The predicted structures of the 1,926 proteins were screened against this PD fold database using FoldSeek [34]. For each iteration, a hit was considered significant if the associated probability exceeded 0.5. For the right-handed β-helix, hits with a probability that the match is a true positive match greater than 0.2 were considered positive due to the greater divergence of the right-handed β-helix. Finally, a manual screening for proteins with a triple helix domain was done. Triple-helix domains frequently require the assistance of intramolecular chaperones for their accurate and stable folding [35,36]. This reliance highlights the intrinsic instability characteristic of these domains, often manifesting as structural disorder [37,38]. This instability engages in a multifaceted interplay with additional variables, such as the pre-chaperone activity disorder in the 3D conformation and the predictive capabilities of sequence-based models to accurately determine the protein’s 3D structure. These complexities introduce challenges to searching for reliable structural similarities between those folds.

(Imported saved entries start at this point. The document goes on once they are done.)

(* There is an absolute constant $c>0$ such that the following holds. Let $n,d,k\ge1$, let $\phi:\mathbb{R}\to\mathbb{R}$ be $L$-Lipschitz with $\phi(0)=0$, let $b>0$, and let $x_1,\dots,x_n,x'_1,\dots,x'_n\in\mathbb{R}^d$ satisfy $\|x_i\|_2,\|x'_i\|_2\le b$. For $a,a'>0$ let $\mathcal{J}^k_{a,a'}=\{A\in\mathbb{R}^{d\times k}:\|A\|_{2,1}\le a,\ \|A\|_{op}\le a'\}$. Then for every $\varepsilon>0$, $$\log\mathcal{N}\big(\mathcal{F}_k(\mathcal{J}^k_{a,a'}),\varepsilon\big)\le c\,\frac{a^2a'^2b^4nL^4}{k^2\varepsilon^2}\log(2dk).$$
   Context: For $A\in\mathbb{R}^{d\times k}$ with columns $A_{\cdot 1},\dots,A_{\cdot k}$: $\|A\|_{2,1}=\sum_{j=1}^k\|A_{\cdot j}\|_2$ and $\|A\|_{op}$ is the spectral norm. For $u,v\in\mathbb{R}^k$, $\zeta_k(u,v)=\frac1k\|u-v\|_2^2$. The function $\phi$ is applied coordinatewise to vectors. Given fixed points $x_1,\dots,x_n,x'_1,\dots,x'_n\in\mathbb{R}^d$ and a set $\mathcal{G}\subset\mathbb{R}^{d\times k}$, define $\mathcal{F}_k(\mathcal{G})=\{(\zeta_k(\phi(A^tx_i),\phi(A^tx'_i)))_{i=1}^n : A\in\mathcal{G}\}\subset\mathbb{R}^n$. For $\mathcal{A}\subset\mathbb{R}^n$, the covering number $\mathcal{N}(\mathcal{A},\varepsilon)$ is the minimal size of a set $\mathcal{B}\subset\mathcal{A}$ such that every $x\in\mathcal{A}$ has some $y\in\mathcal{B}$ with $\|x-y\|_2\le\varepsilon$. *)

theory Defs
  imports "HOL-Analysis.Analysis"
begin

text \<open>Conventions. Vectors in R^m are functions nat => real, only the
coordinates 0..<m matter. A d x k matrix is a function nat => nat => real,
entry A i j with i < d (row), j < k (column).\<close>

definition vnorm :: "nat \<Rightarrow> (nat \<Rightarrow> real) \<Rightarrow> real" where
  "vnorm m v = sqrt (\<Sum>i<m. (v i)\<^sup>2)"

definition norm21 :: "nat \<Rightarrow> nat \<Rightarrow> (nat \<Rightarrow> nat \<Rightarrow> real) \<Rightarrow> real" where
  "norm21 d k A = (\<Sum>j<k. vnorm d (\<lambda>i. A i j))"

definition matvec :: "nat \<Rightarrow> (nat \<Rightarrow> nat \<Rightarrow> real) \<Rightarrow> (nat \<Rightarrow> real) \<Rightarrow> (nat \<Rightarrow> real)" where
  "matvec k A v = (\<lambda>i. \<Sum>j<k. A i j * v j)"

definition tmatvec :: "nat \<Rightarrow> (nat \<Rightarrow> nat \<Rightarrow> real) \<Rightarrow> (nat \<Rightarrow> real) \<Rightarrow> (nat \<Rightarrow> real)" where
  "tmatvec d A x = (\<lambda>j. \<Sum>i<d. A i j * x i)"

definition opnorm :: "nat \<Rightarrow> nat \<Rightarrow> (nat \<Rightarrow> nat \<Rightarrow> real) \<Rightarrow> real" where
  "opnorm d k A = Sup {vnorm d (matvec k A v) | v. vnorm k v \<le> 1}"

definition zeta :: "nat \<Rightarrow> (nat \<Rightarrow> real) \<Rightarrow> (nat \<Rightarrow> real) \<Rightarrow> real" where
  "zeta k u v = (1 / real k) * (vnorm k (\<lambda>j. u j - v j))\<^sup>2"

definition J_set :: "nat \<Rightarrow> nat \<Rightarrow> real \<Rightarrow> real \<Rightarrow> (nat \<Rightarrow> nat \<Rightarrow> real) set" where
  "J_set d k a a' = {A. norm21 d k A \<le> a \<and> opnorm d k A \<le> a'}"

text \<open>F_k(G) as a subset of R^n; vectors are canonicalised to be 0 outside 0..<n.\<close>
definition F_set :: "nat \<Rightarrow> nat \<Rightarrow> nat \<Rightarrow> (real \<Rightarrow> real) \<Rightarrow> (nat \<Rightarrow> nat \<Rightarrow> real)
     \<Rightarrow> (nat \<Rightarrow> nat \<Rightarrow> real) \<Rightarrow> (nat \<Rightarrow> nat \<Rightarrow> real) set \<Rightarrow> (nat \<Rightarrow> real) set" where
  "F_set n d k \<phi> x x' G =
     (\<lambda>A. (\<lambda>i. if i < n then zeta k (\<phi> \<circ> tmatvec d A (x i)) (\<phi> \<circ> tmatvec d A (x' i)) else 0)) ` G"

definition covering_number :: "nat \<Rightarrow> (nat \<Rightarrow> real) set \<Rightarrow> real \<Rightarrow> nat" where
  "covering_number n S \<epsilon> =
     Inf {card B | B. finite B \<and> B \<subseteq> S \<and> (\<forall>u\<in>S. \<exists>w\<in>B. vnorm n (\<lambda>i. u i - w i) \<le> \<epsilon>)}"

end

theory Submission
  imports Defs
begin

text \<open>Each coordinate of a vector in \<open>F_k\<close> is Lipschitz in the features \<open>A\<^sup>t x\<^sub>i\<close>,
  \<open>A\<^sup>t x'\<^sub>i\<close> once the values are clipped at their a-priori maximum \<open>(2 L a' b)\<^sup>2 / k\<close>.
  Since \<open>\<bar>A\<bar>\<^sub>2\<^sub>,\<^sub>1 \<le> a\<close>, the feature map of \<open>A\<close> is a convex combination of
  the feature maps of \<open>2 d k + 1\<close> fixed atoms (signed, rescaled matrix units), each of energy at
  most \<open>2 n a\<^sup>2 b\<^sup>2\<close>. Maurey's empirical method then approximates it by the mean of
  \<open>m\<close> atoms within squared distance \<open>2 n a\<^sup>2 b\<^sup>2 / m\<close>, and the \<open>(2 d k + 1)\<^sup>m\<close>
  clipped images of these means form an \<open>\<epsilon>\<close>-net as soon as
  \<open>m \<ge> 576 a\<^sup>2 a'\<^sup>2 b\<^sup>4 n L\<^sup>4 / (k\<^sup>2 \<epsilon>\<^sup>2)\<close>.\<close>

section \<open>Euclidean and operator norms\<close>

lemma vnorm_eq_L2_set: "vnorm m v = L2_set v {..<m}"
  by (simp add: vnorm_def L2_set_def)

Delineation of depolymerase domains
The 3D structure predictions of the proteins that demonstrated a significant hit with the PD fold database were used to identify corresponding (so-called) protein units: stable segments within a protein that fall between secondary structures and domains in terms of their complexity. These were determined with SWORD2, which analyzes the spatial relationships between α-carbon atoms and optimizes for structural autonomy within these segments [39]. Every protein unit identified was subsequently screened against the PD fold database to locate the best match. The delineation of the PD folds was inferred from the best match. These processes resulted in a final dataset of 602 right-handed β-helix, 96 n-bladed β-propeller and 146 triple-helix depolymerase proteins for which the catalytic domain was precisely determined. As an exploratory step, feature representations of the delineated PD folds were computed with ESM-2 and plotted using t-SNE (S1 Fig).
Model construction and evaluation
DepoScope is built as a stacked model architecture with two parts (Fig 3). The first part is a fine-tuned ESM-2 model for a token classification and the second part is a pair of two convolutional layers and two forward neural layers for a binary classification task. Both modules have been trained sequentially, first considering the token classification task followed by the binary classification.
DepoScope consists of a combination of two deep learning models that perform token classification and binary classification, respectively. The token classification model is a fine-tuned ESM-2 model that receives protein sequences as input, which are transformed into tokens (one for each amino acid). For each token, the model learns to classify it as being part of a PD domain or not in the finetuning process, with four distinct labels: “none”, “right-handed β-helix”, “n-bladed β-propeller” and “triple helix”. The outputs of this first model additionally serve as inputs to the second model, which is a combination of two convolutional layers and a dense layer that produce a binary output, which reflects the prediction for the entire sequence of whether or not the protein is a depolymerase.
For training and evaluation, a set of protein sequences that do not match any of the described PD domains above were added to the dataset as ‘negative’ sequence instances for the model. We specifically chose to collect other proteins that are involved in catalytic activity and structural proteins without catalytic activity, as those proteins would be potentially hard for the model to correctly classify as negatives (Tab D in S1 Table). The full training dataset was split into three parts: 70% for the token classification task, 20% for the binary classification task and 10% for the evaluation of both tasks.
In this study, the pretrained ESM-2 models (esm2_t6_8M_UR50D, esm2_t12_35M_UR50D, esm2_t30_150M_UR50D configurations) were used to construct fine-tuned models for a token classification task. Each amino acid of a given sequence was classified into a class corresponding to the different PD domain folds that the model is being trained on. The model was fine-tuned using the Python libraries Transformers and Pytorch and optimized the model hyperparameters via Bayesian search with the Optuna package [40].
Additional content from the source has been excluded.